Introduction and Objectives Metalloproteinases are implicated in the development of airway remodelling in asthma due to their ability to cleave collagen and elastin with extracellular matrix. We optimised a method to purify messenger Ribonucleic acid (mRNA) sputum samples.
Methods The mRNA expression of a wide range of pertinent Matrix Metalloproteinases (MMP), A Disintegrin And Metalloproteinases (ADAM), A Disintegrin And Metalloproteinase with Thrombospondin Motifs (ADAMTS) and Tissue Inhibitors of Metalloproteinases (TIMP) was measured from induced sputum with hypertonic saline using Quantitative Real Time Polymerase Chain Reaction (qRT-PCR) in 17 (11 male) non-smoking adults with steroid naive asthma and 12 (6 male) healthy controls. Ten patients with asthma completed open labelled montelukast therapy 10mg per day for 8 weeks. Total mRNA was extracted from the cellular content of the induced sputum plug using a combination of Trizol extraction and Qiagen RNeasy spin columns. To each 0.5ml Trizol extract, 300µl of chloroform was added. The aqueous layer was recovered into a fresh tube and mixed with a half volume of 100% ethanol. Samples were applied to RNeasy Mini spin columns. RT-PCR, using Taqman low-density arrays, was used to determine gene expression.
Results The mean (SD) age and forced expiratory volume in 1 second of asthmatics was 36 (13.4) years and 101.16 (15.47)% predicted respectively and for healthy volunteers was 36 (7.2) years and 92.16 (17.43)% predicted. MMP25 expression was significantly (p = 0.04) higher and MMP15 expression was significantly (p = 0.04) lower is asthmatics compared to healthy volunteers. ADAM28 was significantly (p = 0.03) higher and ADAM17 and ADAMTS15 expression were significantly lower in asthma (p = 0.007 & 0.008 respectively). TIMP2 expression was significantly (p = 0.007) lower in the asthma. There were no significant changes in expression of any of the metalloproteinases or their inhibitors after montelukast therapy.

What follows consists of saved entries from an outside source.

(* Let $k$ be a field of characteristic $p>0$, let $1\le c<p$, and let $a\ge b\ge1$ be integers, $d=a+b+c$. Then the Young module $Y^{(a,b,1^c)}$ is a direct summand of the signed permutation module $M^{(a,b|c)}$.
   Context: For a sequence $\gamma=(\gamma_1,\dots,\gamma_t)$ of nonnegative integers summing to $r$, $\Sigma_\gamma=\Sigma_{\gamma_1}\times\dots\times\Sigma_{\gamma_t}\le\Sigma_r$ (the first factor permuting the first $\gamma_1$ letters, etc.). For $\lambda=(\lambda_1,\dots,\lambda_m)$, $\mu=(\mu_1,\dots,\mu_n)$ with $|\lambda|+|\mu|=d$, the signed permutation module is $M^{(\lambda|\mu)}=\operatorname{ind}_{\Sigma_\lambda\times\Sigma_\mu}^{\Sigma_d}(k\boxtimes\operatorname{sgn})$, with $k$ trivial for $\Sigma_\lambda$ and $\operatorname{sgn}$ the sign representation of $\Sigma_\mu$; thus $M^{(a,b|c)}=\operatorname{ind}_{\Sigma_a\times\Sigma_b\times\Sigma_c}^{\Sigma_d}(k\boxtimes k\boxtimes\operatorname{sgn})$. For a partition $\lambda$ of $d$, the Young module $Y^\lambda$ is the unique indecomposable direct summand of the permutation module $M^\lambda=\operatorname{ind}_{\Sigma_\lambda}^{\Sigma_d}k$ containing the Specht module $S^\lambda$. *)

theory Defs
  imports Main "HOL-Combinatorics.Permutations"
begin

text \<open>The letters are {0..<d}; the symmetric
group Sigma_d is the set of g with g permutes {0..<d}, with product composition.
All modules considered are subsets of the function space (nat => nat) => 'k, with
Sigma_d acting by (x . f) g = f (g o x).\<close>

type_synonym 'k fn = "(nat \<Rightarrow> nat) \<Rightarrow> 'k"

definition letters :: "nat \<Rightarrow> nat set" where
  "letters d = {0..<d}"

definition act :: "(nat \<Rightarrow> nat) \<Rightarrow> 'k fn \<Rightarrow> 'k fn" where
  "act x f = (\<lambda>g. f (g \<circ> x))"

definition zerofn :: "'k::zero fn" where
  "zerofn = (\<lambda>g. 0)"

definition addfn :: "'k::plus fn \<Rightarrow> 'k fn \<Rightarrow> 'k fn" where
  "addfn f h = (\<lambda>g. f g + h g)"

definition smultfn :: "'k::times \<Rightarrow> 'k fn \<Rightarrow> 'k fn" where
  "smultfn c f = (\<lambda>g. c * f g)"

text \<open>Block index of a letter j for a composition gamma (list of block sizes):
the i with gamma_1+...+gamma_i <= j < gamma_1+...+gamma_(i+1).\<close>
definition blk :: "nat list \<Rightarrow> nat \<Rightarrow> nat" where
  "blk \<gamma> j = card {i. i < length \<gamma> \<and> sum_list (take (Suc i) \<gamma>) \<le> j}"

text \<open>Column index of position j in the row blk gamma j of the Young diagram.\<close>
definition colx :: "nat list \<Rightarrow> nat \<Rightarrow> nat" where
  "colx \<gamma> j = j - sum_list (take (blk \<gamma> j) \<gamma>)"

definition young_subgroup :: "nat \<Rightarrow> nat list \<Rightarrow> (nat \<Rightarrow> nat) set" where
  "young_subgroup d \<gamma> =
     {h. h permutes letters d \<and> (\<forall>j\<in>letters d. blk \<gamma> (h j) = blk \<gamma> j)}"

text \<open>Induced module ind_H^{Sigma_d} chi, realised as
{f supported on Sigma_d | f (h o g) = chi h * f g for h in H}.\<close>
definition ind_module :: "nat \<Rightarrow> (nat \<Rightarrow> nat) set \<Rightarrow> ((nat \<Rightarrow> nat) \<Rightarrow> 'k::field) \<Rightarrow> 'k fn set" where
  "ind_module d H \<chi> =
     {f. (\<forall>g. \<not> g permutes letters d \<longrightarrow> f g = 0) \<and>
         (\<forall>h\<in>H. \<forall>g. g permutes letters d \<longrightarrow> f (h \<circ> g) = \<chi> h * f g)}"

text \<open>Signed permutation module M^(lambda|mu): induced from
Sigma_lambda x Sigma_mu = Sigma_(lambda @ mu) of trivial x sign.  The character takes
the sign of the part of h acting on the last |mu| letters.\<close>
definition sign_part :: "nat \<Rightarrow> (nat \<Rightarrow> nat) \<Rightarrow> 'k::field" where
  "sign_part n h = of_int (sign (\<lambda>j. if n \<le> j then h j else j))"

definition signed_perm_module :: "nat list \<Rightarrow> nat list \<Rightarrow> 'k::field fn set" where
  "signed_perm_module lam mu =
     ind_module (sum_list lam + sum_list mu) (young_subgroup (sum_list lam + sum_list mu) (lam @ mu))
       (sign_part (sum_list lam))"

definition perm_module :: "nat list \<Rightarrow> 'k::field fn set" where
  "perm_module lam = ind_module (sum_list lam) (young_subgroup (sum_list lam) lam) (\<lambda>h. 1)"

definition is_submodule :: "nat \<Rightarrow> 'k::field fn set \<Rightarrow> 'k fn set \<Rightarrow> bool" where
  "is_submodule d U M \<longleftrightarrow> U \<subseteq> M \<and> zerofn \<in> U \<and>
     (\<forall>f\<in>U. \<forall>h\<in>U. addfn f h \<in> U) \<and> (\<forall>c. \<forall>f\<in>U. smultfn c f \<in> U) \<and>
     (\<forall>x. x permutes letters d \<longrightarrow> (\<forall>f\<in>U. act x f \<in> U))"

definition is_direct_sum :: "nat \<Rightarrow> 'k::field fn set \<Rightarrow> 'k fn set \<Rightarrow> 'k fn set \<Rightarrow> bool" where
  "is_direct_sum d M U W \<longleftrightarrow> is_submodule d U M \<and> is_submodule d W M \<and>
     U \<inter> W = {zerofn} \<and> M = {addfn u w |u w. u \<in> U \<and> w \<in> W}"

definition is_summand :: "nat \<Rightarrow> 'k::field fn set \<Rightarrow> 'k fn set \<Rightarrow> bool" where
  "is_summand d M U \<longleftrightarrow> (\<exists>W. is_direct_sum d M U W)"

definition indecomposable :: "nat \<Rightarrow> 'k::field fn set \<Rightarrow> bool" where
  "indecomposable d U \<longleftrightarrow> U \<noteq> {zerofn} \<and>
     (\<forall>U1 U2. is_direct_sum d U U1 U2 \<longrightarrow> U1 = {zerofn} \<or> U2 = {zerofn})"

definition module_iso :: "nat \<Rightarrow> 'k::field fn set \<Rightarrow> 'k fn set \<Rightarrow> bool" where
  "module_iso d U V \<longleftrightarrow> (\<exists>\<phi>. bij_betw \<phi> U V \<and>
     (\<forall>f\<in>U. \<forall>h\<in>U. \<phi> (addfn f h) = addfn (\<phi> f) (\<phi> h)) \<and>
     (\<forall>c. \<forall>f\<in>U. \<phi> (smultfn c f) = smultfn c (\<phi> f)) \<and>
     (\<forall>x. x permutes letters d \<longrightarrow> (\<forall>f\<in>U. \<phi> (act x f) = act x (\<phi> f))))"

definition kspan :: "'k::field fn set \<Rightarrow> 'k fn set" where
  "kspan S = {f. \<exists>F c. finite F \<and> F \<subseteq> S \<and> f = (\<lambda>g. \<Sum>v\<in>F. c v * v g)}"

text \<open>The basis vector of M^lambda attached to the coset Sigma_lambda g
corresponds to the tabloid in which letter j lies in row blk lambda (g j).
The tableau t_g puts letter j into the box (blk lambda (g j), colx lambda (g j)).\<close>
definition tabloid_vec :: "nat list \<Rightarrow> (nat \<Rightarrow> nat) \<Rightarrow> 'k::field fn" where
  "tabloid_vec lam g = (\<lambda>g'. if g' permutes letters (sum_list lam) \<and>
       (\<forall>j\<in>letters (sum_list lam). blk lam (g' j) = blk lam (g j)) then 1 else 0)"

definition column_stabilizer :: "nat list \<Rightarrow> (nat \<Rightarrow> nat) \<Rightarrow> (nat \<Rightarrow> nat) set" where
  "column_stabilizer lam g = {\<sigma>. \<sigma> permutes letters (sum_list lam) \<and>
       (\<forall>j\<in>letters (sum_list lam). colx lam (g (\<sigma> j)) = colx lam (g j))}"

definition polytabloid :: "nat list \<Rightarrow> (nat \<Rightarrow> nat) \<Rightarrow> 'k::field fn" where
  "polytabloid lam g = (\<lambda>g'. \<Sum>\<sigma>\<in>column_stabilizer lam g.
       of_int (sign \<sigma>) * tabloid_vec lam (g \<circ> inv \<sigma>) g')"

definition specht_module :: "nat list \<Rightarrow> 'k::field fn set" where
  "specht_module lam = kspan {polytabloid lam g | g. g permutes letters (sum_list lam)}"

text \<open>Y is (a representative of) the Young module Y^lambda: an indecomposable direct
summand of M^lambda containing the Specht module S^lambda.\<close>
definition is_young_module :: "nat list \<Rightarrow> 'k::field fn set \<Rightarrow> bool" where
  "is_young_module lam Y \<longleftrightarrow> is_summand (sum_list lam) (perm_module lam) Y \<and>
     indecomposable (sum_list lam) Y \<and> specht_module lam \<subseteq> Y"

end

theory Submission
  imports Defs "HOL.Vector_Spaces" "HOL-Library.Function_Algebras"
begin

(*
  Let M = M^(a,b,1^c) = Y \<oplus> W.  Functions on \<Sigma>_d that transform by the sign character
  under \<Sigma>_(a,b,c) are in particular invariant under \<Sigma>_(a,b,1^c), so M^(a,b|c) is a
  submodule of M, and the antisymmetrizer over the last c letters,
  P f = (1/c!) \<Sum>_\<tau> sgn(\<tau>) f(\<tau> \<circ> _), maps M into M^(a,b|c); here c < p makes c! invertible.
  The last c letters lie in the first column of the tableau filled row by row, so P fixes
  its polytabloid e, a nonzero element of the Specht module and hence of Y.  With \<pi> the
  projection onto Y, the endomorphism \<pi> \<circ> P of Y fixes e, so it is not nilpotent, and by
  Fitting's lemma it is an automorphism of the indecomposable module Y.  Therefore P maps Y
  isomorphically onto P(Y), and M^(a,b|c) = P(Y) \<oplus> (M^(a,b|c) \<inter> W).
*)

lemma addfn_eq_plus: "addfn f h = f + h"
  by (simp add: addfn_def fun_eq_iff)

lemma zerofn_eq_zero: "zerofn = 0"
  by (simp add: zerofn_def fun_eq_iff)

interpretation fn_space: vector_space "smultfn :: 'k::field \<Rightarrow> 'k fn \<Rightarrow> 'k fn"
  by unfold_locales (auto simp: smultfn_def fun_eq_iff algebra_simps)

lemma act_diff: "act x (f - h) = act x f - act x h"
  by (simp add: act_def fun_eq_iff)

lemma act_zero: "act x 0 = 0"
  by (simp add: act_def fun_eq_iff)

lemma sum_fn_apply: "(\<Sum>i\<in>A. F i) g = (\<Sum>i\<in>A. F i g)"
  for F :: "_ \<Rightarrow> 'k::comm_monoid_add fn"
  by (induction A rule: infinite_finite_induct) auto

lemma permutes_compose_left_iff:
  assumes "x permutes S"
  shows "x \<circ> g permutes S \<longleftrightarrow> g permutes S"
proof
  assume "x \<circ> g permutes S"
  then have "inv x \<circ> (x \<circ> g) permutes S" using permutes_compose permutes_inv[OF assms] by blast
  then show "g permutes S" by (simp add: o_assoc permutes_inv_o[OF assms])
qed (rule permutes_compose[OF _ assms])

lemma permutes_compose_right_iff:
  assumes "x permutes S"
  shows "g \<circ> x permutes S \<longleftrightarrow> g permutes S"
proof
  assume "g \<circ> x permutes S"
  then have "g \<circ> x \<circ> inv x permutes S" using permutes_compose permutes_inv[OF assms] by blast
  then show "g permutes S" by (simp add: comp_assoc permutes_inv_o[OF assms])
qed (rule permutes_compose[OF assms])
(* For every list (any length, any initial order) and every request sequence $\sigma$, in the full cost model, $$\min\{\mathrm{TS}(\sigma),\mathrm{MTFO}(\sigma),\mathrm{MTFE}(\sigma)\}\le \tfrac{5}{3}\,\mathrm{OPT}(\sigma).$$ Consequently, a deterministic online algorithm that receives two advice bits indicating which of TS, MTFO, MTFE has the smallest cost on $\sigma$ and then runs it has cost at most $\frac53\mathrm{OPT}(\sigma)$ on every $\sigma$.
   Context: Static list update problem: a list of $l$ distinct items in some initial order; a request sequence $\sigma$ is served in order. Serving a request to the item at position $i$ (positions $1,\dots,l$ from the front) costs $i$ (full cost model). Immediately after an access, the accessed item may be moved closer to the front at no cost (free exchange); at any time two adjacent items may be swapped at cost $1$ (paid exchange). $A(\sigma)$ is the total cost of algorithm $A$ on $\sigma$; $\mathrm{OPT}(\sigma)$ is the minimum cost of any offline algorithm on $\sigma$; all algorithms start from the same initial list. MTFO (Move-To-Front-Odd) moves a requested item to the front (by a free exchange) on the 1st, 3rd, 5th, ... request to that item, and otherwise leaves it in place. MTFE (Move-To-Front-Even) moves a requested item to the front on the 2nd, 4th, 6th, ... request to that item, and otherwise leaves it in place. TS (Timestamp): on a request to item $x$, if $x$ has been requested before and some item preceding $x$ in the list has been requested at most once since the previous request to $x$, then $x$ is moved (free exchange) to immediately in front of the frontmost such item; otherwise no item is moved. None of these algorithms makes paid exchanges. *)

theory Defs
  imports Complex_Main
begin
lemma wf_struct_RD:
  assumes wf: "wf_struct (pn_arity ar arq) cs bi S" and RD: "holds_with S X (RD Sch ar cs D)"
    and D: "wf_db Sch ar cs D"
  shows "herbrand_struct cs bi S"
    and "P \<in> set Sch \<Longrightarrow> (Ext P,t) \<in> ground_facts cs (cint S) (pint S) \<longleftrightarrow> (P,t) \<in> set D"
proof -
  have ne: "sdom S \<noteq> {}" and names: "\<forall>c\<in>set cs. cint S c \<in> sdom S"
    and tuples: "\<forall>p. \<forall>u\<in>pint S p. length u = pn_arity ar arq p \<and> set u \<subseteq> sdom S"
    using wf unfolding wf_struct_def by blast+
  have dom: "sdom S \<subseteq> cint S ` set cs" and inj: "inj_on (cint S) (set cs)"
    and completion: "\<forall>P\<in>set Sch. \<forall>u. length u = ar P \<longrightarrow> set u \<subseteq> sdom S \<longrightarrow>
        (u \<in> pint S (Ext P) \<longleftrightarrow> (\<exists>t. (P,t) \<in> set D \<and> u = map (cint S) t))"
    using holds_RD[OF ne D] RD by blast+
  show "herbrand_struct cs bi S"
    using wf dom names inj unfolding herbrand_struct_def wf_struct_def by blast
  assume P: "P \<in> set Sch"
  have D_wf: "length t' = ar P \<and> set t' \<subseteq> set cs" if "(P,t') \<in> set D" for t'
    using D that unfolding wf_db_def by fastforce
  have map_eq: "map (cint S) t = map (cint S) t' \<longleftrightarrow> t = t'"
    if "set t \<subseteq> set cs" "set t' \<subseteq> set cs" for t t'
    using inj that by (intro inj_on_map_eq_map) (auto intro: inj_on_subset)
  show "(Ext P,t) \<in> ground_facts cs (cint S) (pint S) \<longleftrightarrow> (P,t) \<in> set D"
  proof
    assume "(Ext P,t) \<in> ground_facts cs (cint S) (pint S)"
    then have t: "set t \<subseteq> set cs" "map (cint S) t \<in> pint S (Ext P)" by (auto simp: ground_facts_def)
    then have "length (map (cint S) t) = ar P" "set (map (cint S) t) \<subseteq> sdom S"
      using tuples by fastforce+
    then obtain t' where t': "(P,t') \<in> set D" "map (cint S) t = map (cint S) t'"
      using completion P t(2) by blast
    then have "t = t'" using map_eq t(1) D_wf by blast
    then show "(P,t) \<in> set D" using t'(1) by simp
  next
    assume Pt: "(P,t) \<in> set D"
    then have "length (map (cint S) t) = ar P" "set (map (cint S) t) \<subseteq> sdom S"
      using D_wf names by auto
    then have "map (cint S) t \<in> pint S (Ext P)" using completion P Pt by blast
    then show "(Ext P,t) \<in> ground_facts cs (cint S) (pint S)"
      using D_wf[OF Pt] by (simp add: ground_facts_def)
  qed
qed

definition herbrand_interp :: "'c list \<Rightarrow> ('b \<Rightarrow> 'c list \<Rightarrow> bool) \<Rightarrow> ('p \<times> 'c list) set \<Rightarrow>
    ('c,'c,'p,'b) struct" where
  "herbrand_interp cs bi M = \<lparr>sdom = set cs, cint = id, pint = (\<lambda>p. {t. (p,t) \<in> M}), bint = bi\<rparr>"

lemma herbrand_interp_wf:
  assumes "cs \<noteq> []" and M: "\<And>p t. (p,t) \<in> M \<Longrightarrow> length t = arity p \<and> set t \<subseteq> set cs"
  shows "wf_struct arity cs bi (herbrand_interp cs bi M)"
    and "herbrand_struct cs bi (herbrand_interp cs bi M)"
    and "ground_facts cs (cint (herbrand_interp cs bi M)) (pint (herbrand_interp cs bi M)) = M"
  using assms by (auto simp: herbrand_interp_def wf_struct_def herbrand_struct_def ground_facts_def
    dest: M)

lemma holds_RD_herbrand_interp:
  assumes "cs \<noteq> []" and D: "wf_db Sch ar cs D"
    and ext: "\<forall>P\<in>set Sch. \<forall>t. (Ext P,t) \<in> M \<longleftrightarrow> (P,t) \<in> set D"
    and M: "\<And>p t. (p,t) \<in> M \<Longrightarrow> set t \<subseteq> set cs"
  shows "holds_with (herbrand_interp cs bi M) X (RD Sch ar cs D)"
proof -
  have "(P,t) \<in> set D \<Longrightarrow> set t \<subseteq> set cs" for P t using D unfolding wf_db_def by blast
  then show ?thesis
    using holds_RD[of "herbrand_interp cs bi M", OF _ D] assms(1) ext M
    by (force simp: herbrand_interp_def)
qed

section \<open>The reduct of the repair program\<close>

definition ground_args :: "(nat \<Rightarrow> 'c) \<Rightarrow> ('p,'c) atom \<Rightarrow> 'c list" where
  "ground_args \<sigma> a = map (tev id \<sigma>) (snd a)"

lemma gatom_mapp [simp]: "gatom \<sigma> (mapp g a) = (g (fst a), ground_args \<sigma> a)"
  by (simp add: gatom_def mapp_def ground_args_def)

lemma gatom_vars: "gatom \<sigma> (p, map V [0..<n]) = (p, map \<sigma> [0..<n])"
  by (simp add: gatom_def)

definition schema_rules_hold :: "'c list \<Rightarrow> ('r \<Rightarrow> nat) \<Rightarrow> 'r \<Rightarrow>
    (('r,'q) pn \<times> 'c list) set \<Rightarrow> (('r,'q) pn \<times> 'c list) set \<Rightarrow> bool" where
  "schema_rules_hold cs ar P M N \<longleftrightarrow> (\<forall>t. length t = ar P \<longrightarrow> set t \<subseteq> set cs \<longrightarrow>
     ((Ext P,t) \<in> N \<longrightarrow> (St P,t) \<in> N) \<and> ((Tr P,t) \<in> N \<longrightarrow> (St P,t) \<in> N) \<and>
     ((St P,t) \<in> N \<longrightarrow> (Fa P,t) \<notin> M \<longrightarrow> (SS P,t) \<in> N) \<and> \<not> ((Tr P,t) \<in> N \<and> (Fa P,t) \<in> N))"

fun ic_rules_hold :: "'c list \<Rightarrow> ('b \<Rightarrow> 'c list \<Rightarrow> bool) \<Rightarrow> ('r,'c,'b) ic \<Rightarrow>
    (('r,'q) pn \<times> 'c list) set \<Rightarrow> (('r,'q) pn \<times> 'c list) set \<Rightarrow> bool" where
  "ic_rules_hold cs bi (IC B H ph) M N \<longleftrightarrow>
    (\<forall>J\<in>set (subseqs [0..<length H]). \<forall>\<sigma>. range \<sigma> \<subseteq> set cs \<longrightarrow>
      (\<forall>a\<in>set B. (St (fst a), ground_args \<sigma> a) \<in> N) \<longrightarrow>
      (\<forall>j\<in>set J. (Fa (fst (H ! j)), ground_args \<sigma> (H ! j)) \<in> N) \<longrightarrow>
      (\<forall>k<length H. k \<notin> set J \<longrightarrow> (Ext (fst (H ! k)), ground_args \<sigma> (H ! k)) \<notin> M) \<longrightarrow>
      \<not> (\<exists>(pl,b,ts)\<in>set ph. bi b (map (tev id \<sigma>) ts) = pl) \<longrightarrow>
      (\<exists>a\<in>set B. (Fa (fst a), ground_args \<sigma> a) \<in> N) \<or> (\<exists>a\<in>set H. (Tr (fst a), ground_args \<sigma> a) \<in> N))"

lemma schema_rules_sat_iff:
  assumes "cs \<noteq> []"
  shows "(\<forall>r\<in>set (schema_rules ar P). \<forall>\<sigma>. range \<sigma> \<subseteq> set cs \<longrightarrow> rule_sat bi r M N \<sigma>) \<longleftrightarrow>
         schema_rules_hold cs ar P M N"
proof -
  obtain c where c: "c \<in> set cs" using assms by (cases cs) auto
  let ?\<Psi> = "\<lambda>t. ((Ext P,t) \<in> N \<longrightarrow> (St P,t) \<in> N) \<and> ((Tr P,t) \<in> N \<longrightarrow> (St P,t) \<in> N) \<and>
     ((St P,t) \<in> N \<longrightarrow> (Fa P,t) \<notin> M \<longrightarrow> (SS P,t) \<in> N) \<and> \<not> ((Tr P,t) \<in> N \<and> (Fa P,t) \<in> N)"
  have "(\<forall>r\<in>set (schema_rules ar P). \<forall>\<sigma>. range \<sigma> \<subseteq> set cs \<longrightarrow> rule_sat bi r M N \<sigma>) \<longleftrightarrow>
    (\<forall>\<sigma>::nat \<Rightarrow> _. range \<sigma> \<subseteq> set cs \<longrightarrow> ?\<Psi> (map \<sigma> [0..<ar P]))"
    unfolding schema_rules_def Let_def rule_sat_def by (auto simp: gatom_vars bis_true_def)
  also have "\<dots> \<longleftrightarrow> schema_rules_hold cs ar P M N"
    unfolding schema_rules_hold_def using all_valuations_tuple_iff[OF c, where \<Psi> = ?\<Psi>] by simp
  finally show ?thesis .
qed

lemma ic_rules_sat_iff:
  "(\<forall>r\<in>set (ic_rules ic). \<forall>\<sigma>. range \<sigma> \<subseteq> set cs \<longrightarrow> rule_sat bi r M N \<sigma>) \<longleftrightarrow>
   ic_rules_hold cs bi ic M N"
proof (cases ic)
  case (IC B H ph)
  have builtins: "bis_true bi \<sigma> (map (\<lambda>(pl,b,ts). (\<not> pl, b, ts)) ph) \<longleftrightarrow>
     \<not> (\<exists>(pl,b,ts)\<in>set ph. bi b (map (tev id \<sigma>) ts) = pl)" for \<sigma>
    unfolding bis_true_def by auto
  have neg: "(\<forall>a\<in>set (map (\<lambda>k. mapp Ext (H ! k)) (filter (\<lambda>k. k \<notin> set J) [0..<length H])).
        gatom \<sigma> a \<notin> M) \<longleftrightarrow>
      (\<forall>k<length H. k \<notin> set J \<longrightarrow> (Ext (fst (H ! k)), ground_args \<sigma> (H ! k)) \<notin> M)" for \<sigma> J
    by auto
  have each_rule: "rule_sat bi (Rule (map (mapp Fa) B @ map (mapp Tr) H)
                   (map (mapp St) B @ map (\<lambda>j. mapp Fa (H ! j)) J)
                   (map (\<lambda>k. mapp Ext (H ! k)) (filter (\<lambda>k. k \<notin> set J) [0..<length H]))
                   (map (\<lambda>(pl,b,ts). (\<not> pl, b, ts)) ph)) M N \<sigma> \<longleftrightarrow>
      ((\<forall>a\<in>set B. (St (fst a), ground_args \<sigma> a) \<in> N) \<longrightarrow>
      (\<forall>j\<in>set J. (Fa (fst (H ! j)), ground_args \<sigma> (H ! j)) \<in> N) \<longrightarrow>
      (\<forall>k<length H. k \<notin> set J \<longrightarrow> (Ext (fst (H ! k)), ground_args \<sigma> (H ! k)) \<notin> M) \<longrightarrow>
      \<not> (\<exists>(pl,b,ts)\<in>set ph. bi b (map (tev id \<sigma>) ts) = pl) \<longrightarrow>
      (\<exists>a\<in>set B. (Fa (fst a), ground_args \<sigma> a) \<in> N) \<or> (\<exists>a\<in>set H. (Tr (fst a), ground_args \<sigma> a) \<in> N))"
    for J \<sigma>
    unfolding rule_sat_def rule.sel builtins neg set_append ball_Un bex_Un set_map
      Ball_image_comp bex_simps gatom_mapp comp_def by auto
  show ?thesis
    unfolding IC ic_rules.simps ic_rules_hold.simps set_map Ball_image_comp comp_def each_rule ..
qed

lemma reduct_model_repair_prog_iff:
  assumes "cs \<noteq> []"
  shows "reduct_model cs bi (repair_prog Sch ar ics) M N \<longleftrightarrow>
    (\<forall>ic\<in>set ics. ic_rules_hold cs bi ic M N) \<and> (\<forall>P\<in>set Sch. schema_rules_hold cs ar P M N)"
proof -
  have "reduct_model cs bi (repair_prog Sch ar ics) M N \<longleftrightarrow>
    (\<forall>ic\<in>set ics. \<forall>r\<in>set (ic_rules ic). \<forall>\<sigma>. range \<sigma> \<subseteq> set cs \<longrightarrow> rule_sat bi r M N \<sigma>) \<and>
    (\<forall>P\<in>set Sch. \<forall>r\<in>set (schema_rules ar P). \<forall>\<sigma>. range \<sigma> \<subseteq> set cs \<longrightarrow> rule_sat bi r M N \<sigma>)"
    unfolding reduct_model_iff_rule_sat repair_prog_def by auto
  then show ?thesis using ic_rules_sat_iff[of _ cs bi M N] schema_rules_sat_iff[OF assms, of ar _ bi M N]
    by simp
qed

lemma filter_in_subseqs: "filter P xs \<in> set (subseqs xs)"
  by (induction xs) (auto simp: Let_def)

Conclusion We have studied a wide range of known MMPs, ADAMs, ADAMTSs and inhibitors with a refined technique and successfully increased the yield from induced sputum samples. Significant differences were found between healthy volunteers and asthmatic patients for gene expression of some metalloproteinases/TIMPs. This technique could be used in the future when evaluating gene expression in asthma.